TASK TO CARRY OUT: Without omitting anything, copy every entry word for word.

INFORMATION SHOWN:
▬▬▬▬▬▬

(* Every transformer with average hard attention (AHA), as defined in the context, can be simulated by $\mathbf{PFO}^2$: each map $\bar w\mapsto H^{(\ell)}(\bar w)$ and the output map $\bar w\mapsto o(\bar w)$ is simulated by $\mathbf{PFO}^2$ over $\bar\Sigma$.
   Context: Fixed precision: $\mathbb{F}$ is a fixed finite set of floating-point values containing $0,1,-1,\infty,-\infty$; every arithmetic operation used below returns a value in $\mathbb{F}$, with conventions $\infty+f=\infty$, $-\infty+f=-\infty$ for $f\ne\mp\infty$; $f\cdot(\pm\infty)=\pm\infty$ for $f>0$ and $=\mp\infty$ for $f<0$; $f/\infty=0$ for finite $f$; $\exp(\infty)=\infty$, $\exp(-\infty)=0$. Under fixed precision the attention weights at any position have at most $N_{\max}=\lfloor \min(1,\max(\mathbb{F}\setminus\{\infty\}))/\min(\mathbb{F}_{>0})\rfloor$ nonzero entries, and a sum of nonnegative elements of $\mathbb{F}$ is determined by how many summands take each value, counted up to a fixed threshold. Given a finite alphabet $\Sigma$ and fresh $\mathrm{EOS}\notin\Sigma$, $\bar\Sigma=\Sigma\cup\{\mathrm{EOS}\}$ and $\bar w=w_1\cdots w_Nw_{N+1}$ with $w_{N+1}=\mathrm{EOS}$. A transformer of width $D$ and depth $L$ (parameters in $\mathbb{F}$) computes $H^{(\ell)}(\bar w)\in\mathbb{F}^{D\times(N+1)}$, $\ell\in\{0,0.5,\dots,L\}$: $H^{(0)}_{:,n}=e(w_n)$; $H^{(\ell+0.5)}=\mathrm{LN}(A^{(\ell)}(H^{(\ell)})+H^{(\ell)})$, $H^{(\ell+1)}=\mathrm{LN}(F^{(\ell)}(H^{(\ell+0.5)})+H^{(\ell+0.5)})$, with $\mathrm{LN}$ columnwise layer normalization, $F^{(\ell)}(H)_{:,n}=W^{F2}\mathrm{ReLU}(W^{F1}H_{:,n}+b^{F1})+b^{F2}$, $Q=W^QH,K=W^KH,V=W^VH$, $S_{n,m}=Q_{:,n}\cdot K_{:,m}/\sqrt D$, $A(H)_{:,n}=\sum_{m<n}\alpha_{n,m}V_{:,m}$, and output $o(\bar w)=\theta^\top H^{(L)}_{:,N+1}+b$. With average hard attention the weights are $\alpha_{n,m}=\mathbf{1}[S_{n,m}=\max_{i<n}S_{n,i}]\,/\,\sum_{j<n}\mathbf{1}[S_{n,j}=\max_{i<n}S_{n,i}]$ for $m<n$. $\mathbf{PFO}^2$ over $\Gamma$: formulas in the two variables $x,y$ (re-quantifiable), atomic formulas $\pi_a(z)$ ($a\in\Gamma$) and $z<z'$, closed under $\wedge,\neg$, $\exists y<x:\phi(x,y)$, $\exists x<y:\phi(x,y)$, and, for $\phi(x)$ with only free variable $x$, $\exists x<y:\phi(x)$ and $\exists x:\phi(x)$ (symmetrically in $x,y$); standard semantics. A map $G$ assigning to each $\bar w$ a matrix $G(\bar w)\in\mathbb{F}^{D\times(N+1)}$ is simulated by $\mathbf{PFO}^2$ if for every $d$ and $f\in\mathbb{F}$ there is a $\mathbf{PFO}^2$ formula $\phi(x)$ over $\bar\Sigma$ with one free variable such that for all $w$ and $n\in\{1,\dots,N+1\}$: $G_{d,n}(\bar w)=f$ iff $\bar w,n\models\phi(x)$ (for the scalar $o$, take $n=N+1$). *)

theory Defs
  imports "HOL-Analysis.Analysis" "HOL-Library.Extended_Real"
begin
lemma extend_by_local_group:
  assumes X: "X \<subseteq> S" and non_separating: "card (restrict_code X V) < card V"
  obtains Y where "X \<subseteq> Y" "Y \<subseteq> S"
    "card (restrict_code Y V) \<le> CARD('a) ^ r * card (restrict_code X V)"
    "CARD('a) ^ (\<delta> - 1) * card (restrict_code Y V)
      \<le> CARD('a) ^ (card Y - card X) * card (restrict_code X V)"
proof -
  obtain v w where vw: "v \<in> V" "w \<in> V" "v \<noteq> w" "restrict_vec X v = restrict_vec X w"
    using non_separating_pair[OF non_separating] .
  then obtain j where j: "v j \<noteq> w j"
    by (auto simp: fun_eq_iff)
  then have "j \<in> S"
    using differences_in_support[OF vw(1,2,4)] by blast
  then obtain J where J: "finite J" "j \<in> J" "card J \<le> r + \<delta> - 1"
    and J_dist: "pairwise_dist_ge \<delta> (restrict_code J V)"
    using local_group[OF \<open>j \<in> S\<close>] by blast
  define A where "A = J \<inter> S - X"
  have "\<delta> \<le> card A"
  proof (rule ccontr)
    assume "\<not> \<delta> \<le> card A"
    then have "restrict_vec J v = restrict_vec J w"
      using local_group_restriction_determined[OF J_dist _ vw(1,2,4)] by (simp add: A_def)
    then show False
      using j J(2) by (simp add: restrict_vec_eq_iff)
  qed
  have bound: "card (restrict_code (X \<union> J \<inter> S) V)
      \<le> CARD('a) ^ (card A - (\<delta> - 1)) * card (restrict_code X V)"
    unfolding A_def using J(1) J_dist by (rule card_restrict_code_add_local_group)
  have "card A \<le> card J"
    using J(1) by (auto simp: A_def intro: card_mono)
  then have "CARD('a) ^ (card A - (\<delta> - 1)) \<le> CARD('a) ^ r"
    using J(3) card_UNIV_gt_1 by (intro power_increasing) auto
  have "X \<union> J \<inter> S = X \<union> A"
    by (auto simp: A_def)
  moreover have "finite A" "X \<inter> A = {}"
    using J(1) by (auto simp: A_def)
  ultimately have "card (X \<union> J \<inter> S) = card X + card A"
    using finite_subset[OF X finite_S] by (simp add: card_Un_disjoint)
  have "CARD('a) ^ (\<delta> - 1) * CARD('a) ^ (card A - (\<delta> - 1)) = CARD('a) ^ card A"
    using \<open>\<delta> \<le> card A\<close> by (simp flip: power_add)
  show ?thesis
  proof (rule that[of "X \<union> J \<inter> S"])
    show "X \<subseteq> X \<union> J \<inter> S" "X \<union> J \<inter> S \<subseteq> S"
      using X by auto
    show "card (restrict_code (X \<union> J \<inter> S) V) \<le> CARD('a) ^ r * card (restrict_code X V)"
      using bound \<open>CARD('a) ^ (card A - (\<delta> - 1)) \<le> CARD('a) ^ r\<close> by (meson le_trans mult_le_mono1)
    have "CARD('a) ^ (\<delta> - 1) * card (restrict_code (X \<union> J \<inter> S) V)
        \<le> CARD('a) ^ (\<delta> - 1) * (CARD('a) ^ (card A - (\<delta> - 1)) * card (restrict_code X V))"
      using bound by simp
    also have "\<dots> = CARD('a) ^ card A * card (restrict_code X V)"
      by (simp only: mult.assoc[symmetric]
          \<open>CARD('a) ^ (\<delta> - 1) * CARD('a) ^ (card A - (\<delta> - 1)) = CARD('a) ^ card A\<close>)
    finally show "CARD('a) ^ (\<delta> - 1) * card (restrict_code (X \<union> J \<inter> S) V)
        \<le> CARD('a) ^ (card (X \<union> J \<inter> S) - card X) * card (restrict_code X V)"
      using \<open>card (X \<union> J \<inter> S) = card X + card A\<close> by simp
  qed
qed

▬▬▬▬▬▬

EXERCISE ANSWER:
(* Every transformer with average hard attention (AHA), as defined in the context, can be simulated by $\mathbf{PFO}^2$: each map $\bar w\mapsto H^{(\ell)}(\bar w)$ and the output map $\bar w\mapsto o(\bar w)$ is simulated by $\mathbf{PFO}^2$ over $\bar\Sigma$.
   Context: Fixed precision: $\mathbb{F}$ is a fixed finite set of floating-point values containing $0,1,-1,\infty,-\infty$; every arithmetic operation used below returns a value in $\mathbb{F}$, with conventions $\infty+f=\infty$, $-\infty+f=-\infty$ for $f\ne\mp\infty$; $f\cdot(\pm\infty)=\pm\infty$ for $f>0$ and $=\mp\infty$ for $f<0$; $f/\infty=0$ for finite $f$; $\exp(\infty)=\infty$, $\exp(-\infty)=0$. Under fixed precision the attention weights at any position have at most $N_{\max}=\lfloor \min(1,\max(\mathbb{F}\setminus\{\infty\}))/\min(\mathbb{F}_{>0})\rfloor$ nonzero entries, and a sum of nonnegative elements of $\mathbb{F}$ is determined by how many summands take each value, counted up to a fixed threshold. Given a finite alphabet $\Sigma$ and fresh $\mathrm{EOS}\notin\Sigma$, $\bar\Sigma=\Sigma\cup\{\mathrm{EOS}\}$ and $\bar w=w_1\cdots w_Nw_{N+1}$ with $w_{N+1}=\mathrm{EOS}$. A transformer of width $D$ and depth $L$ (parameters in $\mathbb{F}$) computes $H^{(\ell)}(\bar w)\in\mathbb{F}^{D\times(N+1)}$, $\ell\in\{0,0.5,\dots,L\}$: $H^{(0)}_{:,n}=e(w_n)$; $H^{(\ell+0.5)}=\mathrm{LN}(A^{(\ell)}(H^{(\ell)})+H^{(\ell)})$, $H^{(\ell+1)}=\mathrm{LN}(F^{(\ell)}(H^{(\ell+0.5)})+H^{(\ell+0.5)})$, with $\mathrm{LN}$ columnwise layer normalization, $F^{(\ell)}(H)_{:,n}=W^{F2}\mathrm{ReLU}(W^{F1}H_{:,n}+b^{F1})+b^{F2}$, $Q=W^QH,K=W^KH,V=W^VH$, $S_{n,m}=Q_{:,n}\cdot K_{:,m}/\sqrt D$, $A(H)_{:,n}=\sum_{m<n}\alpha_{n,m}V_{:,m}$, and output $o(\bar w)=\theta^\top H^{(L)}_{:,N+1}+b$. With average hard attention the weights are $\alpha_{n,m}=\mathbf{1}[S_{n,m}=\max_{i<n}S_{n,i}]\,/\,\sum_{j<n}\mathbf{1}[S_{n,j}=\max_{i<n}S_{n,i}]$ for $m<n$. $\mathbf{PFO}^2$ over $\Gamma$: formulas in the two variables $x,y$ (re-quantifiable), atomic formulas $\pi_a(z)$ ($a\in\Gamma$) and $z<z'$, closed under $\wedge,\neg$, $\exists y<x:\phi(x,y)$, $\exists x<y:\phi(x,y)$, and, for $\phi(x)$ with only free variable $x$, $\exists x<y:\phi(x)$ and $\exists x:\phi(x)$ (symmetrically in $x,y$); standard semantics. A map $G$ assigning to each $\bar w$ a matrix $G(\bar w)\in\mathbb{F}^{D\times(N+1)}$ is simulated by $\mathbf{PFO}^2$ if for every $d$ and $f\in\mathbb{F}$ there is a $\mathbf{PFO}^2$ formula $\phi(x)$ over $\bar\Sigma$ with one free variable such that for all $w$ and $n\in\{1,\dots,N+1\}$: $G_{d,n}(\bar w)=f$ iff $\bar w,n\models\phi(x)$ (for the scalar $o$, take $n=N+1$). *)

theory Defs
  imports "HOL-Analysis.Analysis" "HOL-Library.Extended_Real"
begin
lemma extend_by_local_group:
  assumes X: "X \<subseteq> S" and non_separating: "card (restrict_code X V) < card V"
  obtains Y where "X \<subseteq> Y" "Y \<subseteq> S"
    "card (restrict_code Y V) \<le> CARD('a) ^ r * card (restrict_code X V)"
    "CARD('a) ^ (\<delta> - 1) * card (restrict_code Y V)
      \<le> CARD('a) ^ (card Y - card X) * card (restrict_code X V)"
proof -
  obtain v w where vw: "v \<in> V" "w \<in> V" "v \<noteq> w" "restrict_vec X v = restrict_vec X w"
    using non_separating_pair[OF non_separating] .
  then obtain j where j: "v j \<noteq> w j"
    by (auto simp: fun_eq_iff)
  then have "j \<in> S"
    using differences_in_support[OF vw(1,2,4)] by blast
  then obtain J where J: "finite J" "j \<in> J" "card J \<le> r + \<delta> - 1"
    and J_dist: "pairwise_dist_ge \<delta> (restrict_code J V)"
    using local_group[OF \<open>j \<in> S\<close>] by blast
  define A where "A = J \<inter> S - X"
  have "\<delta> \<le> card A"
  proof (rule ccontr)
    assume "\<not> \<delta> \<le> card A"
    then have "restrict_vec J v = restrict_vec J w"
      using local_group_restriction_determined[OF J_dist _ vw(1,2,4)] by (simp add: A_def)
    then show False
      using j J(2) by (simp add: restrict_vec_eq_iff)
  qed
  have bound: "card (restrict_code (X \<union> J \<inter> S) V)
      \<le> CARD('a) ^ (card A - (\<delta> - 1)) * card (restrict_code X V)"
    unfolding A_def using J(1) J_dist by (rule card_restrict_code_add_local_group)
  have "card A \<le> card J"
    using J(1) by (auto simp: A_def intro: card_mono)
  then have "CARD('a) ^ (card A - (\<delta> - 1)) \<le> CARD('a) ^ r"
    using J(3) card_UNIV_gt_1 by (intro power_increasing) auto
  have "X \<union> J \<inter> S = X \<union> A"
    by (auto simp: A_def)
  moreover have "finite A" "X \<inter> A = {}"
    using J(1) by (auto simp: A_def)
  ultimately have "card (X \<union> J \<inter> S) = card X + card A"
    using finite_subset[OF X finite_S] by (simp add: card_Un_disjoint)
  have "CARD('a) ^ (\<delta> - 1) * CARD('a) ^ (card A - (\<delta> - 1)) = CARD('a) ^ card A"
    using \<open>\<delta> \<le> card A\<close> by (simp flip: power_add)
  show ?thesis
  proof (rule that[of "X \<union> J \<inter> S"])
    show "X \<subseteq> X \<union> J \<inter> S" "X \<union> J \<inter> S \<subseteq> S"
      using X by auto
    show "card (restrict_code (X \<union> J \<inter> S) V) \<le> CARD('a) ^ r * card (restrict_code X V)"
      using bound \<open>CARD('a) ^ (card A - (\<delta> - 1)) \<le> CARD('a) ^ r\<close> by (meson le_trans mult_le_mono1)
    have "CARD('a) ^ (\<delta> - 1) * card (restrict_code (X \<union> J \<inter> S) V)
        \<le> CARD('a) ^ (\<delta> - 1) * (CARD('a) ^ (card A - (\<delta> - 1)) * card (restrict_code X V))"
      using bound by simp
    also have "\<dots> = CARD('a) ^ card A * card (restrict_code X V)"
      by (simp only: mult.assoc[symmetric]
          \<open>CARD('a) ^ (\<delta> - 1) * CARD('a) ^ (card A - (\<delta> - 1)) = CARD('a) ^ card A\<close>)
    finally show "CARD('a) ^ (\<delta> - 1) * card (restrict_code (X \<union> J \<inter> S) V)
        \<le> CARD('a) ^ (card (X \<union> J \<inter> S) - card X) * card (restrict_code X V)"
      using \<open>card (X \<union> J \<inter> S) = card X + card A\<close> by simp
  qed
qed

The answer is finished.